Aleister Crowley & Austin Osman Spare

La première rencontre d’Austin Osman Spare et d’Aleister Crowley aurait eu lieu, si l’on en croit Kenneth Grant, lors de la première grande exposition du peintre en hiver 1907, à la Galerie d’Art Bruton à Londres. La légende veut que le mage se soit annoncé comme étant « le vicaire de Dieu sur Terre », ce à quoi Spare aurait répondu qu’il ressemblait davantage à un « maquereau italien au chômage »… Quoi qu’il en soit, Spare et Crowley semblent avoir noué une amitié dès 1908. L’année suivante, dans l’un des rares courriers de Spare adressé à Crowley que la postérité a conservés, le peintre remercie le mage de lui avoir envoyé une copie de son poème « Le Jardin de Janus » [voir plus bas]. Dans ce même courrier, Spare évoque ses difficultés financières qui ne lui permettent pas l’achat d’une robe cérémonielle ; dans une lettre ultérieure, il annonce qu’il a « choisi un nomen magick : « Yihoveaum » [1] et, peu de temps après, le 10 juillet 1909, il prête le serment de Probationner de l’A∴A∴ en présence d’Aleister Crowley [2].

Ultérieurement, Spare écrira à Grant que sa participation à l’Ordre était purement honorifique et qu’elle avait eu lieu sur l’initiative d’Aleister Crowley ; mais ce reniement sonne faux à la lumière de ces informations, d’autant l’A∴A∴ n’était, de toute façon, pas prévu pour accepter des membres honorifiques et la simple charge de Probationner (stagiaire) demandait déjà beaucoup d’engagement et de temps.

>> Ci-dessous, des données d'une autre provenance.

lemma ex_ordered_pair_omitting_min:
  fixes x w :: "nat \<Rightarrow> real"
  assumes x: "inj_on x {..<3}" and w: "inj_on w {..<3}"
  shows "\<exists>i j. (i, j) \<in> Ind \<and> x j < x i \<and> (\<forall>k<3. k \<noteq> i \<and> k \<noteq> j \<longrightarrow> w k < w i \<and> w k < w j)"
proof -
  have ordered: ?thesis
    if ab: "(a, b) \<in> Ind" and min: "\<forall>k<3. k \<noteq> a \<and> k \<noteq> b \<longrightarrow> w k < w a \<and> w k < w b"
    for a b
  proof (cases "x b < x a")
    case True
    then show ?thesis using ab min by blast
  next
    case False
    moreover have "x a \<noteq> x b" using x ab by (auto simp: Ind_iff inj_on_def)
    moreover have "(b, a) \<in> Ind" using ab by (auto simp: Ind_iff)
    ultimately show ?thesis using min by force
  qed
  have "w 0 \<noteq> w 1" "w 0 \<noteq> w 2" "w 1 \<noteq> w 2" by (simp_all add: inj_on_contraD[OF w])
  then consider "w 0 < w 1" "w 0 < w 2" | "w 1 < w 0" "w 1 < w 2" | "w 2 < w 0" "w 2 < w 1"
    by argo
  then show ?thesis
  proof cases
    case 1
    then show ?thesis by (intro ordered[of 1 2]) (auto simp: Ind_iff dest: less_3_cases)
  next
    case 2
    then show ?thesis by (intro ordered[of 0 2]) (auto simp: Ind_iff dest: less_3_cases)
  next
    case 3
    then show ?thesis by (intro ordered[of 0 1]) (auto simp: Ind_iff dest: less_3_cases)
  qed
qed

context cubic_field
begin

lemma eps_eqI:
  assumes P: "P \<in> DeltaK K" and dominant: "dominant_pair K r P i j"
  shows "eps K r P = (i, j)"
proof -
  let ?w = "\<lambda>l. cf_weight K r (coordab P l)"
  have ij: "(i, j) \<in> Ind" and lt: "coordab P j < coordab P i"
    and min: "\<And>k. k < 3 \<Longrightarrow> k \<notin> {i, j} \<Longrightarrow> ?w k < ?w i \<and> ?w k < ?w j"
    using dominant unfolding dominant_pair_def by auto
  have pos: "?w l > 0" if "l < 3" for l
    using cf_weight_pos coordab_mem[OF P that] coordab_pos[OF P that] by blast
  have ij3: "i < 3" "j < 3" "i \<noteq> j" using ij by (simp_all add: Ind_iff)
  have larger: "vval K r P a b < vval K r P i j" if ab: "(a, b) \<in> Ind" "{a, b} \<noteq> {i, j}" for a b
  proof -
    have ab3: "a < 3" "b < 3" "a \<noteq> b" using ab(1) by (simp_all add: Ind_iff)
    have "a \<notin> {i, j} \<and> b \<in> {i, j} \<or> b \<notin> {i, j} \<and> a \<in> {i, j}"
      using ab(2) ab3 ij3 by auto
    moreover have "?w k * ?w l < ?w i * ?w j" if "k < 3" "k \<notin> {i, j}" "l \<in> {i, j}" for k l
      using min[OF that(1,2)] that(3) pos[OF ij3(1)] pos[OF ij3(2)]
      by (auto simp: mult.commute intro: mult_strict_right_mono)
    ultimately show ?thesis using ab3 by (auto simp: vval_eq_cf_weight mult.commute)
  qed
  let ?S = "\<lambda>(i, j). (i, j) \<in> Ind \<and>
      (\<forall>(i', j') \<in> Ind. {i', j'} \<noteq> {i, j} \<longrightarrow> vval K r P i' j' < vval K r P i j) \<and>
      P \<in> tri (i, j)"
  show ?thesis unfolding eps_def
  proof (rule the_equality)
    show "?S (i, j)" using ij larger lt DeltaK_subset_Delta P tri_iff[OF ij] by auto
  next
    fix e assume "?S e"
    moreover obtain a b where e: "e = (a, b)" by (cases e)
    ultimately have ab: "(a, b) \<in> Ind" "P \<in> tri (a, b)"
      and largest: "\<forall>(i', j')\<in>Ind. {i', j'} \<noteq> {a, b} \<longrightarrow> vval K r P i' j' < vval K r P a b"
      by auto
    have "{a, b} = {i, j}" using larger[OF ab(1)] largest ij by fastforce
    moreover have "(a, b) \<noteq> (j, i)" using ab tri_iff[of j i P] lt by (auto simp: Ind_iff)
    ultimately show "e = (i, j)" using e by (auto simp: doubleton_eq_iff)
  qed
qed

lemma cf_weight_less_Tmap:
  assumes P: "P \<in> DeltaK K" and ij: "(i, j) \<in> Ind" and lt: "coordab P j < coordab P i"
    and lm: "l < 3" "m < 3" "l \<noteq> i" "m \<noteq> i"
    and less: "cf_weight K r (coordab P l) < cf_weight K r (coordab P m)"
  shows "cf_weight K r (coordab (Tmap (i, j) P) l) < cf_weight K r (coordab (Tmap (i, j) P) m)"
proof -
  define c where "c = inverse (1 - coordab P j)"
  have j3: "j < 3" using ij by (simp add: Ind_iff)
  have c: "c \<in> K" "c > 0"
    using coordab_less_one[OF P j3] coordab_mem[OF P j3]
    by (simp_all add: c_def inverse_mem diff_mem one_mem)
  have "cf_weight K r (coordab (Tmap (i, j) P) n) = cf_weight K r (coordab P n) * cf_weight K r c"
    if "n < 3" "n \<noteq> i" for n
    using coordab_Tmap[OF ij _ that(1)] coordab_less_one[OF P j3] that(2)
      cf_weight_mult[OF coordab_mem[OF P that(1)] c(1)]
    by (simp add: c_def divide_inverse)
  then show ?thesis using lm less cf_weight_pos[OF c] by simp
qed

end

locale cubic_field_exponent = cubic_field +
  fixes p q :: nat
  assumes p_pos: "p > 0" and q_pos: "q > 0" and not_3_dvd_p: "\<not> 3 dvd p"
begin

abbreviation r :: real where
  "r \<equiv> real p / real q"

lemma dominant_pair_eps:
  assumes P: "P \<in> DeltaK K" and eps: "eps K r P = (i, j)"
  shows "dominant_pair K r P i j"
proof -
  have inj: "inj_on (coordab P) {..<3}"
    using rat_indep_vec_distinct[OF DeltaK_rat_indep[OF P]] by (auto simp: inj_on_def)
  moreover have "inj_on (\<lambda>l. cf_weight K r (coordab P l)) {..<3}"
  proof (rule inj_onI)
    fix l m assume lm: "l \<in> {..<3}" "m \<in> {..<3}"
      and eq: "cf_weight K r (coordab P l) = cf_weight K r (coordab P m)"
    have "coordab P l = coordab P m"
      using cf_weight_inj[OF p_pos q_pos not_3_dvd_p _ _ _ _ eq] lm
      by (simp add: coordab_mem[OF P] coordab_pos[OF P])
    then show "l = m" using inj_onD[OF inj _ lm] by blast
  qed
  ultimately obtain i' j' where dominant: "dominant_pair K r P i' j'"
    unfolding dominant_pair_def using ex_ordered_pair_omitting_min by blast
  moreover have "eps K r P = (i', j')" by (rule eps_eqI[OF P dominant])
  ultimately show ?thesis using eps by simp
qed

lemma Tcf_mem_DeltaK:
  assumes P: "P \<in> DeltaK K"
  shows "Tcf K r P \<in> DeltaK K"
proof -
  obtain i j where eps: "eps K r P = (i, j)" by (cases "eps K r P")
  then have "dominant_pair K r P i j" by (rule dominant_pair_eps[OF P])
  then show ?thesis unfolding Tcf_def eps dominant_pair_def using Tmap_mem_DeltaK[OF P] by blast
qed

lemma Tcf_iterate_mem_DeltaK: "P \<in> DeltaK K \<Longrightarrow> (Tcf K r ^^ n) P \<in> DeltaK K"
  by (induction n) (simp_all add: Tcf_mem_DeltaK)

lemma eps_Tcf_ne:
  assumes P: "P \<in> DeltaK K" and eps: "eps K r P = (i, j)" and k: "k < 3" "k \<noteq> i" "k \<noteq> j"
  shows "eps K r (Tcf K r P) \<noteq> (i, k) \<and> eps K r (Tcf K r P) \<noteq> (k, i)"
proof -
  have "dominant_pair K r P i j" by (rule dominant_pair_eps[OF P eps])
  then have ij: "(i, j) \<in> Ind" and lt: "coordab P j < coordab P i"
    and "cf_weight K r (coordab P k) < cf_weight K r (coordab P j)"
    using k unfolding dominant_pair_def by auto
  then have less: "cf_weight K r (coordab (Tcf K r P) k) < cf_weight K r (coordab (Tcf K r P) j)"
    unfolding Tcf_def eps using ij k by (intro cf_weight_less_Tmap[OF P ij lt]) (auto simp: Ind_iff)
  obtain a b where eps': "eps K r (Tcf K r P) = (a, b)" by (cases "eps K r (Tcf K r P)")
  have "dominant_pair K r (Tcf K r P) a b" by (rule dominant_pair_eps[OF Tcf_mem_DeltaK[OF P] eps'])
  then have "cf_weight K r (coordab (Tcf K r P) j) < cf_weight K r (coordab (Tcf K r P) k)"
    if "{a, b} = {i, k}"
    using ij k that unfolding dominant_pair_def by (auto simp: Ind_iff)
  then show ?thesis using less eps' by auto
qed

end

theorem theorem2p6:
  fixes K :: "real set" and p q n :: nat and \<alpha> \<beta> :: real
  assumes "real_cubic_field K"
    and "p > 0" and "q > 0" and "coprime p q" and "\<not> 3 dvd p"
    and "(\<alpha>, \<beta>) \<in> DeltaK K"
  shows "let r = real p / real q;
             e = eps K r ((Tcf K r ^^ n) (\<alpha>, \<beta>));
             e' = eps K r ((Tcf K r ^^ Suc n) (\<alpha>, \<beta>))
         in \<forall>k \<in> {0,1,2}. k \<noteq> fst e \<and> k \<noteq> snd e \<longrightarrow>
              e' \<noteq> (fst e, k) \<and> e' \<noteq> (k, fst e)"
proof -
  interpret cubic_field_exponent K p q
    using assms by unfold_locales
  have P: "(Tcf K r ^^ n) (\<alpha>, \<beta>) \<in> DeltaK K" by (rule Tcf_iterate_mem_DeltaK[OF assms(6)])
  obtain i j where eps: "eps K r ((Tcf K r ^^ n) (\<alpha>, \<beta>)) = (i, j)"
    by (cases "eps K r ((Tcf K r ^^ n) (\<alpha>, \<beta>))")
  show ?thesis unfolding Let_def funpow.simps(2) o_apply eps fst_conv snd_conv
  proof (intro ballI impI)
    fix k :: nat assume "k \<in> {0, 1, 2}" "k \<noteq> i \<and> k \<noteq> j"
    then show "eps K r (Tcf K r ((Tcf K r ^^ n) (\<alpha>, \<beta>))) \<noteq> (i, k) \<and>
        eps K r (Tcf K r ((Tcf K r ^^ n) (\<alpha>, \<beta>))) \<noteq> (k, i)"
      by (intro eps_Tcf_ne[OF P eps]) auto
  qed
qed

end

De 1909 à 1911, Spare semble avoir fréquenté le mage de façon assez régulière et s’être lié avec certains de ses proches comme Victor Neuburg ou George Raffalovich. De son côté, Crowley tenta d’aider le peintre en lui des présentant certaines de ses connaissances dans le milieu de l’art et de l’édition. Il publia également des dessins de Spare dans sa revue The Equinox. Keith Richmond raconte qu’à la mi-octobre Spare envoya fièrement une copie de luxe du volume I, 2 à son patron, Pickford Waller. Dans la lettre jointe, il annonce : « le prochain numéro accueillera une planche couleur peinte par mes soins ». Ce projet cependant, ne se matérialisa jamais et, autant qu’on le sache, ses contributions au Volume I, 2 de The Equinox, sont les seules illustrations de Spare pour la revue. Il est cependant difficile d’en conclure que les deux hommes étaient déjà brouillés, car Spare semble avoir eu pour sale habitude de ne pas honorer ses commandes.

La piste se perd jusqu’à la fin décembre 1912, année où Crowley s’est donné la tâche d’examiner les progrès des Probationner dans A∴A∴ Sous le nom de Spare, Crowley note : « Un artiste. Ne peut comprendre l’organisation. Sans quoi il aurait réussi » [3]. Ce qui signifie que Spare avait échoué d’une façon ou d’une autre aux tests de Probationner – version plus probable que la relecture ultérieure de l’artiste qui prétend n’avoir jamais été un vrai membre de l’Ordre et avoir quitté par dégoût le cercle de Crowley.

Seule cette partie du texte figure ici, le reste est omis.